Pub Date: Nov. 24th, 2020
ISBN: 978-1-982100-48-3
Publisher: Atria

A Dutch mother-to-be strives to vindicate her future child’s namesake.

Each chapter begins with a week-by-week countdown to the first-person narrator’s due date, which is also her deadline for finding out the truth about her “distant uncle” Frans. That narrator is Marjolijn van Heemstra herself, and this novel, van Heemstra’s second, is drawn directly from life. When she was 18, Marjolijn’s grandmother gave her Frans’ ring since he died without any descendants. In return, Marjolijn has agreed to name her firstborn son after Frans, a hero of the Dutch resistance. Years later (exactly how many is not clear), her pregnancy forces the issue; she is hormone- and conscience-driven to learn whether Frans’ name is worthy of being passed on. After the war, on Dec. 5, 1946, her uncle masterminded a bomb attack on a man named Boer, an alleged Nazi collaborator who was never punished. Frans was prosecuted and imprisoned for what, in peacetime, was a crime. Though preeclampsia threatens, Marjolijn takes furtive trips from her Amsterdam home to the National Archive in the Hague while her partner, D, is at work.

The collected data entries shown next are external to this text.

lemma Kcount_Suc_M_mat:
  assumes n: "3 \<le> n" and j: "j < n"
  shows "real (Kcount n (Suc k) (Suc j)) = (\<Sum>i<n. M_mat n $$ (j, i) * real (Kcount n k (Suc i)))"
proof -
  have "{1..n} = Suc ` {..<n}"
  proof (intro equalityI subsetI)
    fix y assume "y \<in> {1..n}"
    then have "y = Suc (y - 1)" "y - 1 < n" by auto
    then show "y \<in> Suc ` {..<n}" by blast
  qed auto
  have "Kcount n (Suc k) (Suc j) = (\<Sum>y\<in>{1..n}. if Kadmissible n (Suc j) y then Kcount n k y else 0)"
    unfolding Kcount.simps by (rule sum.inter_filter) simp
  also have "\<dots> = (\<Sum>i<n. if Kadmissible n (Suc j) (Suc i) then Kcount n k (Suc i) else 0)"
    unfolding \<open>{1..n} = Suc ` {..<n}\<close> by (simp add: sum.reindex)
  finally have "real (Kcount n (Suc k) (Suc j))
      = (\<Sum>i<n. real (if Kadmissible n (Suc j) (Suc i) then Kcount n k (Suc i) else 0))"
    by simp
  also have "\<dots> = (\<Sum>i<n. M_mat n $$ (j, i) * real (Kcount n k (Suc i)))"
    by (rule sum.cong) (simp_all add: M_mat_Kadmissible[OF n j])
  finally show ?thesis .
qed

lemma A_poly_eq_char_poly: "A_poly r = char_poly (N_mat r)"
proof (cases "r = 0")
  case True
  have "char_poly_matrix (N_mat 0) = 1\<^sub>m 0"
    by (rule eq_matI) (auto simp: char_poly_matrix_def N_mat_def)
  then show ?thesis using True by (simp add: A_poly_def char_poly_def)
qed (simp add: A_poly_def)

lemma Kcount_sums:
  fixes t :: real
  assumes n: "3 \<le> n" and p: "1 \<le> p" "p + 2 \<le> n"
    and t: "t \<noteq> 0" "real n * \<bar>t\<bar> < 1" and K: "t ^ n * poly (K_poly n) (1 / t) \<noteq> 0"
  shows "(\<lambda>k. real (Kcount n k (Suc p)) * t ^ k)
    sums (t ^ (p - 1) * poly (A_poly (p - 1)) (1 / t) / (t ^ n * poly (K_poly n) (1 / t)))"
proof -
  let ?X = "1\<^sub>m n - t \<cdot>\<^sub>m M_mat n"
  define h where "h = vec n (\<lambda>j. \<Sum>k. real (Kcount n k (Suc j)) * t ^ k)"
  have X: "?X \<in> carrier_mat n n" and M: "M_mat n \<in> carrier_mat n n"
    by (auto simp: M_mat_def)
  have bound: "\<bar>real (Kcount n k j)\<bar> \<le> real n ^ k" for k j
    using Kcount_le[of n k j] by (simp flip: of_nat_power)
  have "?X *\<^sub>v h = vec n (\<lambda>_. 1)"
    using transfer_matrix_generating_function[OF M Kcount_Suc_M_mat[OF n] bound, of t] t(2)
    unfolding h_def by (simp add: mult.commute)
  then have "h $ p * det ?X = det (1\<^sub>m (p - 1) - t \<cdot>\<^sub>m N_mat (p - 1))"
    using cramer_lemma_mat[OF X _, of h p] det_K_replace_col_ones_eq_det_N[OF n p] p
    by (simp add: h_def)
  then have "(\<Sum>k. real (Kcount n k (Suc p)) * t ^ k) * (t ^ n * poly (K_poly n) (1 / t))
      = t ^ (p - 1) * poly (A_poly (p - 1)) (1 / t)"
    using p t(1) det_one_minus_smult_eq_reflected_char_poly[OF M t(1)]
      det_one_minus_smult_eq_reflected_char_poly[of "N_mat (p - 1)" "p - 1" t]
    by (simp add: h_def K_poly_def A_poly_eq_char_poly N_mat_def)
  then have "(\<Sum>k. real (Kcount n k (Suc p)) * t ^ k)
      = t ^ (p - 1) * poly (A_poly (p - 1)) (1 / t) / (t ^ n * poly (K_poly n) (1 / t))"
    using K by (simp add: eq_divide_eq)
  then show ?thesis
    using summable_sums[OF summable_geometrically_bounded[of "\<lambda>k. real (Kcount n k (Suc p))", OF bound t(2)]]
    by simp
qed

theorem lemma5:
  fixes n m :: nat
  assumes "n \<ge> 3" and "2 \<le> m" and "m \<le> n - 1"
  shows "\<exists>\<epsilon>>0. \<forall>t::real. 0 < \<bar>t\<bar> \<and> \<bar>t\<bar> < \<epsilon> \<longrightarrow>
           (\<lambda>k. real (c_coef n (Suc k) m) * t ^ Suc k) sums
             (t ^ (m - 1) * poly (A_poly (m - 2)) (1 / t) / (t ^ n * poly (K_poly n) (1 / t)))"
proof -
  have deg: "degree (K_poly n) = n" and "lead_coeff (K_poly n) = 1"
    using degree_monic_char_poly[of "M_mat n" n] unfolding K_poly_def M_mat_def by auto
  then have "K_poly n \<noteq> 0" by auto
  then obtain \<delta> where \<delta>: "\<delta> > 0"
    and K: "\<And>t. 0 < \<bar>t\<bar> \<Longrightarrow> \<bar>t\<bar> < \<delta> \<Longrightarrow> t ^ n * poly (K_poly n) (1 / t) \<noteq> 0"
    by (rule reflected_poly_nonzero_near_0) (simp add: deg)
  show ?thesis
  proof (intro exI[of _ "min \<delta> (1 / real n)"] conjI allI impI)
    fix t :: real assume t: "0 < \<bar>t\<bar> \<and> \<bar>t\<bar> < min \<delta> (1 / real n)"
    then have "real n * \<bar>t\<bar> < 1" using assms(1) by (simp add: field_simps)
    then have "(\<lambda>k. real (Kcount n k m) * t ^ k)
        sums (t ^ (m - 2) * poly (A_poly (m - 2)) (1 / t) / (t ^ n * poly (K_poly n) (1 / t)))"
      using Kcount_sums[of n "m - 1" t] K t assms by (simp add: numeral_2_eq_2)
    then have "(\<lambda>k. t * (real (Kcount n k m) * t ^ k))
        sums (t * (t ^ (m - 2) * poly (A_poly (m - 2)) (1 / t) / (t ^ n * poly (K_poly n) (1 / t))))"
      by (rule sums_mult)
    moreover have "m - 1 = Suc (m - 2)" using assms(2) by simp
    moreover have "c_coef n (Suc k) m = Kcount n k m" for k
      using c_coef_eq_Kcount assms by simp
    ultimately show "(\<lambda>k. real (c_coef n (Suc k) m) * t ^ Suc k)
        sums (t ^ (m - 1) * poly (A_poly (m - 2)) (1 / t) / (t ^ n * poly (K_poly n) (1 / t)))"
      by (simp add: ac_simps)
  qed (use \<delta> assms in auto)
qed

end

The facts defy Marjolijn’s every effort to verify Frans’ heroism. Boer’s collaboration was considered de minimis—he rounded up pigeons for the Wehrmacht. The bomb, delivered in a wrapped package to Boer’s home on St. Nicholas Eve, also killed innocent bystanders, but, of this “collateral damage,” Frans remarked, “These things happen.” The supreme irony: Frans later founded a right-wing group with ties to ex-Nazis. The book is brutally honest about pregnancy, abortion, and living with ambiguity. Wry observations abound, well served by Reeder’s translation; for instance, on the archive’s proximity to a children’s book museum, van Heemstra says, “one wrong turn and you’re in the realm of fairy tales.” In view of the novel’s firm grounding in fact, one wonders why van Heemstra didn’t simply write a memoir. Perhaps because fiction accommodates any number of wrong turns. The novel ends with an existential shrug, but perhaps that’s the point.

Sometimes rabbit holes contain only rabbits.